Source data
------------

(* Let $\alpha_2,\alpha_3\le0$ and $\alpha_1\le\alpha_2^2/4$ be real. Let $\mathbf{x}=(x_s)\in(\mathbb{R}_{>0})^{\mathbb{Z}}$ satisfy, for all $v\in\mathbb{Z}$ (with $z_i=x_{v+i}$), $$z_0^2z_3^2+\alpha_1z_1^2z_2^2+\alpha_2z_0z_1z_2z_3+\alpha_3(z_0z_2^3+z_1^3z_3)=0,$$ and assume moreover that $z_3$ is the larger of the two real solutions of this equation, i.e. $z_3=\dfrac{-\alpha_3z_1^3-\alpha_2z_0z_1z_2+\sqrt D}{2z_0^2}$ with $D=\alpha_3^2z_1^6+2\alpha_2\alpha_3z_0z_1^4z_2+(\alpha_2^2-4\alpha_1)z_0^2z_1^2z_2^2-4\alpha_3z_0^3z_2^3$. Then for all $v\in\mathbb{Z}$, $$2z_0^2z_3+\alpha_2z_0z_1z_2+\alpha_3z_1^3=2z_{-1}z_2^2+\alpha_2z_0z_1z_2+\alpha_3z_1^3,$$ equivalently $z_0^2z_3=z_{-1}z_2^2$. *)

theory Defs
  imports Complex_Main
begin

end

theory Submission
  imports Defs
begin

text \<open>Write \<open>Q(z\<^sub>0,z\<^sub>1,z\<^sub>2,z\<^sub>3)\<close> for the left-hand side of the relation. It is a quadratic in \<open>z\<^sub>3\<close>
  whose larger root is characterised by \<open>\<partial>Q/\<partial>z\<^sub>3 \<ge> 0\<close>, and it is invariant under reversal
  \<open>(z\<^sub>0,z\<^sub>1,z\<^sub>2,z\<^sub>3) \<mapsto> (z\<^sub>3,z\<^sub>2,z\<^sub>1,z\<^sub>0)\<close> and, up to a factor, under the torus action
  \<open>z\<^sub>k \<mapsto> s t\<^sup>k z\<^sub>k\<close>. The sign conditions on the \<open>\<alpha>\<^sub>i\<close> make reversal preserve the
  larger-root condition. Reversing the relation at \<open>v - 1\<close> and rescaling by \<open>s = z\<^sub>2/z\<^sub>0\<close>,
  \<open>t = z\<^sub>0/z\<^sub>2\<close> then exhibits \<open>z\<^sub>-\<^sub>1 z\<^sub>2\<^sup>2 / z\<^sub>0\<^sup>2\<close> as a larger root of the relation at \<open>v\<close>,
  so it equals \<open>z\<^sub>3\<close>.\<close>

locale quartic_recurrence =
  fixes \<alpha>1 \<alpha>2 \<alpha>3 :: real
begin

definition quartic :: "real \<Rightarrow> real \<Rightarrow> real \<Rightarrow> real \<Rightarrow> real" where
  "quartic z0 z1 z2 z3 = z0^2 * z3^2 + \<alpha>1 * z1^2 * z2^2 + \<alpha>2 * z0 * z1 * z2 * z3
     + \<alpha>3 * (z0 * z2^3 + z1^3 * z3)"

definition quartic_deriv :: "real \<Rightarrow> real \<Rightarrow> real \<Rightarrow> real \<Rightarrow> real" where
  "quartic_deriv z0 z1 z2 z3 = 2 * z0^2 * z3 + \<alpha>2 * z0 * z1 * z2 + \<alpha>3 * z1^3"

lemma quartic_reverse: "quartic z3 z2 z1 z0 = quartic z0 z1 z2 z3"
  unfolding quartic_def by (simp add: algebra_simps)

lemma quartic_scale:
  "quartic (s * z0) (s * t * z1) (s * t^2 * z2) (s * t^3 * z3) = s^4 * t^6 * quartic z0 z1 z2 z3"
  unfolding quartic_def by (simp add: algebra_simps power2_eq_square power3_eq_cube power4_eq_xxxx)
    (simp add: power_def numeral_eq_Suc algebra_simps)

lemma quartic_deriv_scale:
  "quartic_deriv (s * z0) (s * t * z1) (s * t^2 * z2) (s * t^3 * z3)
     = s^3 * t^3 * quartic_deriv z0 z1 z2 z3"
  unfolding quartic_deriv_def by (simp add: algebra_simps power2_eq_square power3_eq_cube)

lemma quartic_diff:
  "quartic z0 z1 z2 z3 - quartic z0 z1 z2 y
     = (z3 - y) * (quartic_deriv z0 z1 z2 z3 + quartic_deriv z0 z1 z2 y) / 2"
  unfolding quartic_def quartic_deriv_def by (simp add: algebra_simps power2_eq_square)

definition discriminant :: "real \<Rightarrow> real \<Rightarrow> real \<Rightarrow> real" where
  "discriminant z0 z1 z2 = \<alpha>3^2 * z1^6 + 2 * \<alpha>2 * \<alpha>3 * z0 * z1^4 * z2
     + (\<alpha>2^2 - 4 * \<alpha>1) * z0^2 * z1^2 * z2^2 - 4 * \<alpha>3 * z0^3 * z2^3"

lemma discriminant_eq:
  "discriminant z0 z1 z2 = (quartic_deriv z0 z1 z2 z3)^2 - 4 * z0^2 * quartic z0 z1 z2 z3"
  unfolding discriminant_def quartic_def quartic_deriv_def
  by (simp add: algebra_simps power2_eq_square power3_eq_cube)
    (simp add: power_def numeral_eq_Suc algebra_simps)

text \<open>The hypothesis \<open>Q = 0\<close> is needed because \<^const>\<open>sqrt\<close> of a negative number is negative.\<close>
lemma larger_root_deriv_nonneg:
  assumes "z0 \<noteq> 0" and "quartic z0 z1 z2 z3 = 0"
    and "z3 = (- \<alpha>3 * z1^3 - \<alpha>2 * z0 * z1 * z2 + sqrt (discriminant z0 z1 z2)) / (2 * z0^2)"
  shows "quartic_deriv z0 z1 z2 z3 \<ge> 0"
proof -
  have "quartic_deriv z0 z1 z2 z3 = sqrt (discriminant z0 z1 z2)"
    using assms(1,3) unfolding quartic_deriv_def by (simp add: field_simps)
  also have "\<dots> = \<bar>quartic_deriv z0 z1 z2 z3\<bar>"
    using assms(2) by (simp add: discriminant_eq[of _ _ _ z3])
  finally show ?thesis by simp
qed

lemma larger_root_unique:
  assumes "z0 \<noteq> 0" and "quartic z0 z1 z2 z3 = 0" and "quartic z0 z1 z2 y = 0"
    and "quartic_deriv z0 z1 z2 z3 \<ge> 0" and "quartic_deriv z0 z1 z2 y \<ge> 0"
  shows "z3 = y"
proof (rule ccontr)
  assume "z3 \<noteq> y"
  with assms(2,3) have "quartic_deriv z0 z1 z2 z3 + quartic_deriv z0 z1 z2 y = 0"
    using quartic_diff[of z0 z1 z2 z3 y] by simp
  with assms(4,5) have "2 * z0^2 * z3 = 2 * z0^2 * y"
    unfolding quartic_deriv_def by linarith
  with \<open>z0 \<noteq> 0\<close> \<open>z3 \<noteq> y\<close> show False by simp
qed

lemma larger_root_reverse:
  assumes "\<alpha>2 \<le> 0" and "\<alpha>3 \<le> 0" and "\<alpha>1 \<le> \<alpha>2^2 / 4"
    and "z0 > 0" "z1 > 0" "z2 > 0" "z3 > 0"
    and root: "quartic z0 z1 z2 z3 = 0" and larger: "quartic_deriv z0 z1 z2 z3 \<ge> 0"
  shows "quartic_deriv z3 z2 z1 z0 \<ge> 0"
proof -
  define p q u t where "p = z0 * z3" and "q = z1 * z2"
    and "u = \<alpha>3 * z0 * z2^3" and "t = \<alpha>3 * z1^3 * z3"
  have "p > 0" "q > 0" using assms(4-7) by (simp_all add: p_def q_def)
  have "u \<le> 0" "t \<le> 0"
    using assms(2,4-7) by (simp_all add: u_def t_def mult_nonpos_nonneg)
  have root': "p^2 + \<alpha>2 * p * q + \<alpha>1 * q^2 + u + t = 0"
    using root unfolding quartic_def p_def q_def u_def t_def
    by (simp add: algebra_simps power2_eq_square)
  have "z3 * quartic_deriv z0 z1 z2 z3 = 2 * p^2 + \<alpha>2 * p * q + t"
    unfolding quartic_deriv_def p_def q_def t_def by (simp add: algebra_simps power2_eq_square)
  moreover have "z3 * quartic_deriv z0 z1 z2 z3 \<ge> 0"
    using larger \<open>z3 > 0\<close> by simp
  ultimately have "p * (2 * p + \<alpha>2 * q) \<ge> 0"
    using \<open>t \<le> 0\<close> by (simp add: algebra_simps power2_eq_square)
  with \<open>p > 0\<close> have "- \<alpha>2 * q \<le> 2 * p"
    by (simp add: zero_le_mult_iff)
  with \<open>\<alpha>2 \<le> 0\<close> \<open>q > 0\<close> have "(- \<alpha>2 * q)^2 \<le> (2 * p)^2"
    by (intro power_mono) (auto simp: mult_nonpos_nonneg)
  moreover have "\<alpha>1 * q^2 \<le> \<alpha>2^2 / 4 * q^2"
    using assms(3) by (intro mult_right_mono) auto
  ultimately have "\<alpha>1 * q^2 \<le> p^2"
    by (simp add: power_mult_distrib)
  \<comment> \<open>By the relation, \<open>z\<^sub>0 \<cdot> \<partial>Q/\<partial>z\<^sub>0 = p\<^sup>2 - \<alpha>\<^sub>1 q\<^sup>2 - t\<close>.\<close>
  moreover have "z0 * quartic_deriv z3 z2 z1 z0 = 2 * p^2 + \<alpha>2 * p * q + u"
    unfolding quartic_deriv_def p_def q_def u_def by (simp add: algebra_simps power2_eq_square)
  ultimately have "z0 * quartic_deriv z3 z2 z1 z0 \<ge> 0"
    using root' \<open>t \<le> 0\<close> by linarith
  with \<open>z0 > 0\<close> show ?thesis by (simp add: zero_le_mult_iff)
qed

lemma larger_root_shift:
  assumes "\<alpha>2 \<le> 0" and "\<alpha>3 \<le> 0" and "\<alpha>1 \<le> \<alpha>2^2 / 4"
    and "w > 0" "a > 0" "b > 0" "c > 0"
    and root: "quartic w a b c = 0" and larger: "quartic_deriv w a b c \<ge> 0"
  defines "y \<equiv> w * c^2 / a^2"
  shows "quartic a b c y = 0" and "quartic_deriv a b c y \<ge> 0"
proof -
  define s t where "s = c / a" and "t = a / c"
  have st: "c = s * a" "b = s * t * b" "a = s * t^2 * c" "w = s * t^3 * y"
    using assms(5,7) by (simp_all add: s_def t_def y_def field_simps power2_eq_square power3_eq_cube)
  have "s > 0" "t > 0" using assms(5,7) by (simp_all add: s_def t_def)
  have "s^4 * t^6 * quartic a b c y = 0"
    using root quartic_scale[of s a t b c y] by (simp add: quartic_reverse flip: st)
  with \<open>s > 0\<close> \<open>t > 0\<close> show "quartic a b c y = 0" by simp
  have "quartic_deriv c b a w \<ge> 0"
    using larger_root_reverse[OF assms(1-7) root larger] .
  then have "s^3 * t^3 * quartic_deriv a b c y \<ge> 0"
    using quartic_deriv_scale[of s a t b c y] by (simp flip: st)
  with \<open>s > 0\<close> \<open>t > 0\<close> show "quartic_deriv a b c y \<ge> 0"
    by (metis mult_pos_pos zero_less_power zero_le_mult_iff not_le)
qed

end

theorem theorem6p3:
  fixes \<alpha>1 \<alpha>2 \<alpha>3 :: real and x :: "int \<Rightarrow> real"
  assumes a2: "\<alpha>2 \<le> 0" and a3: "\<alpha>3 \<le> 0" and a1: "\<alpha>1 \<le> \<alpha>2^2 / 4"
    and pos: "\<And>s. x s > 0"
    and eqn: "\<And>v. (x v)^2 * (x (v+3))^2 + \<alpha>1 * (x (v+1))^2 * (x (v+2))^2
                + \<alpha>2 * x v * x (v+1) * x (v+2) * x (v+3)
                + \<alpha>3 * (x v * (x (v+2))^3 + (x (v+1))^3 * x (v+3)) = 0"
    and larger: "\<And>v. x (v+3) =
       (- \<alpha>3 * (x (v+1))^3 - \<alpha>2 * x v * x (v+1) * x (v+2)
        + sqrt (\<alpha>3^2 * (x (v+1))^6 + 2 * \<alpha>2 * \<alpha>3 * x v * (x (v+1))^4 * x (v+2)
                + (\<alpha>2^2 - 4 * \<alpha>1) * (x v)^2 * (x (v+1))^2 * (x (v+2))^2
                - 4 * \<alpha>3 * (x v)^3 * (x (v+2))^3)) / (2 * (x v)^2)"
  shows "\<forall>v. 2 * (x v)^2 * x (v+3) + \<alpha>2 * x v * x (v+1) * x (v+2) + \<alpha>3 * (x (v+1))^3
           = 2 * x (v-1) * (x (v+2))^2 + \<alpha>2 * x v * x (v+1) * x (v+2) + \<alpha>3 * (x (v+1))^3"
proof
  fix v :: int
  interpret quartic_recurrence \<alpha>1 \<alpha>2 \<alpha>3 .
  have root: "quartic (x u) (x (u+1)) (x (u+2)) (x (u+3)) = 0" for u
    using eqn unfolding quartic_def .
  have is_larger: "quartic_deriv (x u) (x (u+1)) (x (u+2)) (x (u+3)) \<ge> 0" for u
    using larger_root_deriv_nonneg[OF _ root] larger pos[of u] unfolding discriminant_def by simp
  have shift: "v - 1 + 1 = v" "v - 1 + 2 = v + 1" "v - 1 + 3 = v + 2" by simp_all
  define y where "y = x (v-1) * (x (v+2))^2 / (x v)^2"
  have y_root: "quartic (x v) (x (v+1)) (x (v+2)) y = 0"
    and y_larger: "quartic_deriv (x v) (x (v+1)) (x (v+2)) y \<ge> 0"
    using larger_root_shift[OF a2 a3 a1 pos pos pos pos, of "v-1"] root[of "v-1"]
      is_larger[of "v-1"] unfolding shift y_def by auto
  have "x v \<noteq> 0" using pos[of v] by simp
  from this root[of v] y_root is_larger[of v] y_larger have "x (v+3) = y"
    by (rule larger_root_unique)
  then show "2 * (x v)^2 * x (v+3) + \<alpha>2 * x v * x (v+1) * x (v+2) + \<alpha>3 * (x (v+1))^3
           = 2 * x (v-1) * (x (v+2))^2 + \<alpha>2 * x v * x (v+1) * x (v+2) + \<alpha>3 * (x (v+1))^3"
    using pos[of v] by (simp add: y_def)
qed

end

------------

In the entries above, please find the line with "unfolding discriminant_def quartic_def" and the line with "with assms(4,5) have", then write out exactly those two lines and every line between them, and nothing more.

  unfolding discriminant_def quartic_def quartic_deriv_def
  by (simp add: algebra_simps power2_eq_square power3_eq_cube)
    (simp add: power_def numeral_eq_Suc algebra_simps)

text \<open>The hypothesis \<open>Q = 0\<close> is needed because \<^const>\<open>sqrt\<close> of a negative number is negative.\<close>
lemma larger_root_deriv_nonneg:
  assumes "z0 \<noteq> 0" and "quartic z0 z1 z2 z3 = 0"
    and "z3 = (- \<alpha>3 * z1^3 - \<alpha>2 * z0 * z1 * z2 + sqrt (discriminant z0 z1 z2)) / (2 * z0^2)"
  shows "quartic_deriv z0 z1 z2 z3 \<ge> 0"
proof -
  have "quartic_deriv z0 z1 z2 z3 = sqrt (discriminant z0 z1 z2)"
    using assms(1,3) unfolding quartic_deriv_def by (simp add: field_simps)
  also have "\<dots> = \<bar>quartic_deriv z0 z1 z2 z3\<bar>"
    using assms(2) by (simp add: discriminant_eq[of _ _ _ z3])
  finally show ?thesis by simp
qed

lemma larger_root_unique:
  assumes "z0 \<noteq> 0" and "quartic z0 z1 z2 z3 = 0" and "quartic z0 z1 z2 y = 0"
    and "quartic_deriv z0 z1 z2 z3 \<ge> 0" and "quartic_deriv z0 z1 z2 y \<ge> 0"
  shows "z3 = y"
proof (rule ccontr)
  assume "z3 \<noteq> y"
  with assms(2,3) have "quartic_deriv z0 z1 z2 z3 + quartic_deriv z0 z1 z2 y = 0"
    using quartic_diff[of z0 z1 z2 z3 y] by simp
  with assms(4,5) have "2 * z0^2 * z3 = 2 * z0^2 * y"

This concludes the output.